B. “Does God hear the prayer of sinners?”

  1. The usual answer to this question is “no” with some qualifications such as Cornelius (Acts 10:4). However, if God never hears the prayers of sinners:
    a) How can His children who have sinned ever receive forgiveness through prayer as instructed in 1 John 1:9?
    b) Why did the apostle Peter tell Simon the sorcerer to “pray God, if perhaps the thought of thine heart may be forgiven thee” when he was in the “bond of iniquity” (Acts 8:22-23)?
  2. A consideration of John 9:31.
    a) In this text the blind man, having been healed by Jesus, stated, while making His defense before the Jews, “Now we know that God heareth not sinners: but if any man be a worshipper of God, and doeth his will, him he heareth.”
    b) Some have said this verse is not applicable because the man was not inspired but the scriptures support his statement (Psalm 66:18; Proverbs 15:29; 1 Peter 3:12).
    c) In each of the above scriptures, the matter under consideration is whether or not God will even hear the prayers of His own children, Jew or Gentile, when they continue in sin.
    (1) God will not hear the prayer of one who claims to belong to Him if one persists in sinning (Isaiah 59:1-2).
    (2) When a child of God truly repents, he may always turn to God in prayer with the full assurance that God will hear him, but as long as he continues to sin impenitently, he has no hope that God will hear him.
  3. The more accurate question is, “Does God ever hear the prayers of non-Christians?”
    a) The case of Cornelius.
    (1) Though he was not a Christian, his prayers were heard (Acts 10:4, 31).
    (2) We are not told for what Cornelius was praying.
    (a) Even though God answered his prayer by sending Peter to him, he likely was not praying for Peter to be sent to him or about the gospel Peter would preach.
    (b) He may have been praising God, thanking Him, or making some special requests based on what he knew.
    (3) Not realizing that he was not a true child of God, he offered many prayers. God heard his prayers for God always hears the prayers of those who truly seek Him (Matthew 7:7-11; Hebrews 11:6).
    (4) Since he was not a child of God and did not really have the right to approach God in prayer as his Father, there was only one answer God could give him. Peter was sent with the answer as to how to become a child of God.
    (a) Cornelius was “on the outside looking in” — seeing children of God praying, and wanting to be like them, he prayed too.
    (b) His understanding was still imperfect so he did not realize that he did not have access to the throne of grace like those who were already Christians had.
    (c) God heard his prayer and answered it, not by granting what a non-Christian has no right to request, but by providing what the man really needed — the opportunity to hear and obey the gospel and thereby gain access to God’s throne of grace through Jesus Christ.
    b) The case of Saul.
    (1) After Jesus appeared to him on the road to Damascus, Saul went into the city where he penitently spent three days in fasting and prayer (Acts 9:8-9, 11).
    (2) God sent Ananias to him “for, behold, he prayeth” (Acts 9:12).
    (a) The prayers of Saul were heard by the Lord.
    (b) As in the case of Cornelius, God provided Saul with what he really needed — the opportunity to hear and obey the gospel.
    c) When one obeys the gospel, as a child of God he may approach God as his Father. He may do so with the assurance and confidence that the scriptures give him. No one outside of Christ has that assurance or right.

Conclusion

The discouragements of the world are all around us (Job 21:15). In the silence we long to hear the voice of God. In these moments of discouragement and in the face of these difficulties, remember those who conquered God by their prayers.

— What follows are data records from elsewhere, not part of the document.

text \<open>Lift \<open>\<tau>\<close> to \<open>F : \<real> \<rightarrow> \<real>\<close>. Injectivity of \<open>\<tau>\<close> forces \<open>F (x + 1) = F x \<plusminus> 1\<close> according
  to orientation, and \<open>\<tau>\<^sup>2 = id\<close> forces \<open>F \<circ> F = id + m\<close> for an integer \<open>m\<close>.

  If \<open>\<tau>\<close> preserves orientation and is not the identity, \<open>F x - x\<close> never meets \<open>\<int>\<close>
  (otherwise an integer translate of \<open>F\<close> would be an increasing involution of \<open>\<real>\<close>, hence the
  identity), so it stays in an interval \<open>(a, a + 1)\<close> and \<open>m = 2a + 1\<close>. Then
  \<open>H = (id + F)/2 - a/2 - 1/4\<close> satisfies \<open>H \<circ> F = H + a + 1/2\<close> and descends to a conjugacy with
  the half turn. If \<open>\<tau>\<close> reverses orientation, \<open>F - id\<close> has increment \<open>-2\<close>, so \<open>F\<close> has a
  fixed point, \<open>m = 0\<close>, and \<open>H = (id - F)/2\<close> satisfies \<open>H \<circ> F = -H\<close>, a conjugacy with complex
  conjugation. In both cases \<open>H\<close> is an affine combination of \<open>id\<close> and \<open>F\<close>, hence again a PL lift.\<close>

lemma cis_2pi_eq_iff: "cis (2*pi*a) = cis (2*pi*b) \<longleftrightarrow> a - b \<in> \<int>"
proof -
  have cancel: "2*pi*a = 2*pi*b + 2*pi*n \<longleftrightarrow> a - b = n" for n :: real
  proof -
    have "2*pi*b + 2*pi*n = 2*pi*(b + n)" by (simp only: distrib_left)
    then show ?thesis by auto
  qed
  have "cis (2*pi*a) = cis (2*pi*b) \<longleftrightarrow> (\<exists>n::int. 2*pi*a = 2*pi*b + 2*pi*n)"
    using sin_cos_eq_iff[of "2*pi*a" "2*pi*b"] by (auto simp: complex_eq_iff)
  also have "\<dots> \<longleftrightarrow> (\<exists>n::int. a - b = n)"
    by (simp only: cancel)
  also have "\<dots> \<longleftrightarrow> a - b \<in> \<int>"
    by (auto elim: Ints_cases)
  finally show ?thesis .
qed
definition branch :: "nat \<times> nat \<Rightarrow> 'v set" where
  "branch u = \<Union> (\<nu> ` block_cells u)"

lemma connected_block_cells:
  assumes "u \<in> fst (grid n)"
  shows "connected_in (grid m) (block_cells u)"
proof -
  obtain p q where u: "u = (p, q)" by (cases u)
  have "p < n" "q < n" using assms u by (auto simp: grid_vertices)
  then have "p * s + 0 < m" "q * s + 0 < m" "block (p * s + 0) = p" "block (q * s + 0) = q"
    using s_pos by (simp_all only: block_coord_lt block_eq)
  then have "(p * s + 0, q * s + 0) \<in> block_cells u"
    by (simp add: block_cells_def mem_cells block_of_def u)
  moreover have "(adj_within (grid m) (block_cells u))\<^sup>*\<^sup>* a b"
    if "a \<in> block_cells u" "b \<in> block_cells u" for a b
  proof -
    obtain y1 x1 y2 x2 where ab: "a = (y1, x1)" "b = (y2, x2)" by (cases a, cases b)
    have lt: "y1 < m" "x1 < m" "y2 < m" "x2 < m"
      and blk: "block y1 = p" "block x1 = q" "block y2 = p" "block x2 = q"
      using that unfolding ab u block_cells_def block_of_def by (simp_all add: mem_cells)
    have "(adj_within (grid m) (block_cells u))\<^sup>*\<^sup>* (y1, x1) (y1, x2)"
      using lt blk block_between[of x1 q x2]
      by (intro grid_row_path) (auto simp: u block_cells_def block_of_def mem_cells)
    also have "(adj_within (grid m) (block_cells u))\<^sup>*\<^sup>* (y1, x2) (y2, x2)"
      using lt blk block_between[of y1 p y2]
      by (intro grid_col_path) (auto simp: u block_cells_def block_of_def mem_cells)
    finally show ?thesis using ab by simp
  qed
  ultimately show ?thesis
    unfolding connected_in_iff_adj_within block_cells_def by blast
qed
(* Let $R$ be a nonempty set of permutations, and let $Rn$ be the set obtained by appending to each $\sigma\in R$ (of length $m$) the entry $m+1$. Let $$P(x)=\sum_{n\ge0}|\mathfrak S_n(1243,2143,R)|x^n,\qquad Q(x)=\sum_{n\ge0}|\mathfrak S_n(1243,2143,Rn)|x^n.$$ Then $$Q(x)=\frac{2-P(x)}{2-x-P(x)}.$$
   Context: $\mathfrak S_n(S)$ denotes the set of permutations of $\{1,\dots,n\}$ avoiding every pattern in the set $S$, where $\pi$ avoids $\sigma$ if no subsequence of $\pi$ has the same relative order as $\sigma$. For example, if $R=\{42531,4231,312\}$ then $Rn=\{425316,42315,3124\}$. *)

theory Defs
  imports "HOL-Computational_Algebra.Formal_Power_Series" "HOL-Library.Sublist"
begin

definition is_perm :: "nat list \<Rightarrow> bool" where
  "is_perm xs \<longleftrightarrow> distinct xs \<and> set xs = {1..length xs}"

definition order_iso :: "nat list \<Rightarrow> nat list \<Rightarrow> bool" where
  "order_iso a b \<longleftrightarrow> length a = length b \<and>
     (\<forall>i < length a. \<forall>j < length a. (a ! i < a ! j) \<longleftrightarrow> (b ! i < b ! j))"

definition contains :: "nat list \<Rightarrow> nat list \<Rightarrow> bool" where
  "contains \<pi> \<sigma> \<longleftrightarrow> (\<exists>s. subseq s \<pi> \<and> order_iso s \<sigma>)"

definition avoids :: "nat list \<Rightarrow> nat list \<Rightarrow> bool" where
  "avoids \<pi> \<sigma> \<longleftrightarrow> \<not> contains \<pi> \<sigma>"

definition Av :: "nat \<Rightarrow> nat list set \<Rightarrow> nat list set" where
  "Av n S = {\<pi>. is_perm \<pi> \<and> length \<pi> = n \<and> (\<forall>\<sigma>\<in>S. avoids \<pi> \<sigma>)}"

definition genfun :: "nat list set \<Rightarrow> rat fps" where
  "genfun S = Abs_fps (\<lambda>n. of_nat (card (Av n S)))"

definition append_max :: "nat list \<Rightarrow> nat list" where
  "append_max \<sigma> = \<sigma> @ [length \<sigma> + 1]"

end

(*
  A permutation avoids 1243 and 2143 iff no entry c has two entries to its left that both lie
  below some entry d < c to its right.  Let pi lie in S_n(1243, 2143, Rn) and let k be the
  position of its maximum n.  If k = 0, deleting n is a bijection onto S_(n-1)(1243, 2143, Rn),
  since a leading maximum takes part in no occurrence of a pattern whose first entry is not its
  maximum.  If k > 0, no two entries before n lie below an entry after n, so the prefix consists
  of its minimum t, which lies among the values of the suffix, and of k - 1 entries above all of
  them.  Hence pi is glued from the standardised prefix alpha and tau = t followed by the suffix,
  and pi avoids the patterns iff alpha lies in S_k(1243, 2143, R) and tau in
  S_(n-k)(1243, 2143, Rn); alpha has to avoid R itself because the maximum n follows every
  entry of alpha.  Thus q_n = q_(n-1) + sum_(k=1..n-1) p_k q_(n-k), which says
  Q - 1 = x Q + (P - 1)(Q - 1), and this is the claimed identity.
*)

theory Submission
  imports Defs
begin

lemma subseq_set_subset: "subseq xs ys \<Longrightarrow> set xs \<subseteq> set ys"
  by (auto simp: subseq_conv_nths dest: in_set_nthsD)

lemma subseq_distinct: "subseq xs ys \<Longrightarrow> distinct ys \<Longrightarrow> distinct xs"
  by (auto simp: subseq_conv_nths)

lemma subseq_mapE:
  assumes "subseq s (map f xs)"
  obtains s0 where "s = map f s0" "subseq s0 xs"
  using assms by (metis nths_map subseq_conv_nths)

lemma subseq_pair:
  assumes "x \<in> set xs" "y \<in> set xs" "x \<noteq> y"
  shows "subseq [x, y] xs \<or> subseq [y, x] xs"
  using assms
proof (induction xs)
  case (Cons z zs)
  consider "z = x" | "z = y" | "z \<noteq> x" "z \<noteq> y" by blast
  then show ?case
  proof cases
    case 1
    then show ?thesis using Cons.prems by (simp add: subseq_singleton_left)
  next
    case 2
    then show ?thesis using Cons.prems by (simp add: subseq_singleton_left)
  next
    case 3
    then have "x \<in> set zs" "y \<in> set zs" using Cons.prems by auto
    then have "subseq [x, y] zs \<or> subseq [y, x] zs" using Cons.IH Cons.prems(3) by blast
    then show ?thesis by (meson list_emb.list_emb_Cons)
  qed
qed simp

lemma subseq_snoc_append_left:
  assumes "subseq (s @ [x]) (xs @ ys)" "x \<notin> set ys"
  shows "subseq (s @ [x]) xs"
proof -
  obtain s1 s2 where "s @ [x] = s1 @ s2" "subseq s1 xs" "subseq s2 ys"
    using assms(1) by (auto elim: subseq_appendE)
  moreover have "s2 = []"
  proof (rule ccontr)
    assume "s2 \<noteq> []"
    then have "x = last s2"
      using \<open>s @ [x] = s1 @ s2\<close> by (metis last_appendR last_snoc)
    then have "x \<in> set ys"
      using \<open>s2 \<noteq> []\<close> \<open>subseq s2 ys\<close> subseq_set_subset by (metis last_in_set subsetD)
    with assms(2) show False ..
  qed
  ultimately show ?thesis by simp
qed

lemma subseq_snoc_snocD:
  assumes "subseq (s @ [x]) (xs @ [y])"
  shows "subseq s xs"
proof -
  obtain s1 s2 where s: "s @ [x] = s1 @ s2" "subseq s1 xs" "subseq s2 [y]"
    using assms by (auto elim: subseq_appendE)
  have "s2 = [] \<or> s2 = [y]"
    using s(3) by (cases s2) (auto dest: list_emb_Nil2 split: if_splits)
  then show ?thesis
  proof
    assume "s2 = []"
    then have "subseq (s @ [x]) xs" using s by simp
    then show ?thesis
      using subseq_rev_drop_many[OF subseq_order.refl, of s "[x]"] subseq_order.trans by blast
  next
    assume "s2 = [y]"
    then show ?thesis using s by simp
  qed
qed

lemma distinct_set_eq_singleton: "distinct xs \<Longrightarrow> set xs = {x} \<Longrightarrow> xs = [x]"
  by (cases xs) (auto simp: subset_singleton_iff)

lemma set_eq_atLeastAtMost_card:
  fixes L :: "nat set"
  assumes "finite L" "\<And>x z. x \<in> L \<Longrightarrow> 1 \<le> z \<Longrightarrow> z \<le> x \<Longrightarrow> z \<in> L" "0 \<notin> L"
  shows "L = {1..card L}"
proof -
  have "x \<le> card L" if "x \<in> L" for x
  proof -
    have "{1..x} \<subseteq> L" using assms(2)[OF that] by auto
    then have "card {1..x} \<le> card L" by (rule card_mono[OF assms(1)])
    then show ?thesis by simp
  qed
  moreover have "1 \<le> x" if "x \<in> L" for x
    using assms(3) that by (cases x) auto
  ultimately have "L \<subseteq> {1..card L}"
    by auto
  then show ?thesis
    by (simp add: card_subset_eq)
qed

lemma is_permI:
  assumes "distinct xs" "set xs \<subseteq> {1..length xs}"
  shows "is_perm xs"
  using assms by (simp add: is_perm_def card_subset_eq distinct_card)

lemma finite_Av: "finite (Av n S)"
proof (rule finite_subset)
  show "Av n S \<subseteq> {xs. set xs \<subseteq> {1..n} \<and> length xs = n}"
    by (auto simp: Av_def is_perm_def)
qed (simp add: finite_lists_length_eq)

lemma Av_0: "[] \<notin> S \<Longrightarrow> Av 0 S = {[]}"
  by (auto simp: Av_def is_perm_def avoids_def contains_def order_iso_def dest: list_emb_Nil2)

section \<open>Pattern containment\<close>

lemma contains_subseq: "contains xs \<sigma> \<Longrightarrow> subseq xs ys \<Longrightarrow> contains ys \<sigma>"
  unfolding contains_def using subseq_order.trans by blast

lemma order_iso_map:
  assumes "strict_mono_on (set s) f"
  shows "order_iso (map f s) \<sigma> \<longleftrightarrow> order_iso s \<sigma>"
  using strict_mono_on_less[OF assms] by (simp add: order_iso_def)

lemma contains_map_strict_mono:
  assumes "strict_mono_on (set xs) f"
  shows "contains (map f xs) \<sigma> \<longleftrightarrow> contains xs \<sigma>"
proof
  assume "contains (map f xs) \<sigma>"
  then obtain s where "subseq s (map f xs)" "order_iso s \<sigma>"
    by (auto simp: contains_def)
  then obtain s0 where "s = map f s0" "subseq s0 xs" "order_iso (map f s0) \<sigma>"
    by (auto elim: subseq_mapE)
  moreover have "strict_mono_on (set s0) f"
    using assms subseq_set_subset[OF \<open>subseq s0 xs\<close>] by (rule monotone_on_subset)
  ultimately show "contains xs \<sigma>"
    by (auto simp: contains_def order_iso_map)
next
  assume "contains xs \<sigma>"
  then obtain s where "subseq s xs" "order_iso s \<sigma>"
    by (auto simp: contains_def)
  moreover have "strict_mono_on (set s) f"
    using assms subseq_set_subset[OF \<open>subseq s xs\<close>] by (rule monotone_on_subset)
  ultimately show "contains (map f xs) \<sigma>"
    by (auto simp: contains_def order_iso_map intro: subseq_map)
qed

lemma order_iso_snoc_greater:
  assumes "\<forall>x\<in>set \<sigma>. x < w"
  shows "order_iso (s @ [v]) (\<sigma> @ [w]) \<longleftrightarrow> order_iso s \<sigma> \<and> (\<forall>x\<in>set s. x < v)"
proof (cases "length s = length \<sigma>")
  case True
  have "\<forall>i<length \<sigma>. \<sigma> ! i < w" using assms by simp
  then show ?thesis
    using True unfolding order_iso_def
    by (auto simp: All_less_Suc nth_append) (metis in_set_conv_nth less_asym)+
qed (simp add: order_iso_def)

lemma contains_append_max_iff:
  assumes "is_perm \<sigma>"
  shows "contains \<pi> (append_max \<sigma>) \<longleftrightarrow>
    (\<exists>s v. subseq (s @ [v]) \<pi> \<and> order_iso s \<sigma> \<and> (\<forall>x\<in>set s. x < v))"
proof -
  have snoc_iso: "order_iso (s @ [v]) (append_max \<sigma>) \<longleftrightarrow> order_iso s \<sigma> \<and> (\<forall>x\<in>set s. x < v)" for s v
    using assms unfolding append_max_def is_perm_def
    by (intro order_iso_snoc_greater) auto
  have "order_iso s (append_max \<sigma>) \<Longrightarrow> s = butlast s @ [last s]" for s
    by (cases s rule: rev_cases) (auto simp: order_iso_def append_max_def)
  then show ?thesis
    unfolding contains_def using snoc_iso by metis
qed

Prayer is the key to the problems of our day; it locks the door that keeps out the doubts and dangers of the night. Remember that you wield in your prayer the mightiest power, the power that moves the hand that moves the world.

The ability to pray to God and receive answers in our lives is truly one of the greatest blessings we can have as children of God! Hopefully, understanding and applying the principles discussed in this lesson will assure greater success in having our prayers answered.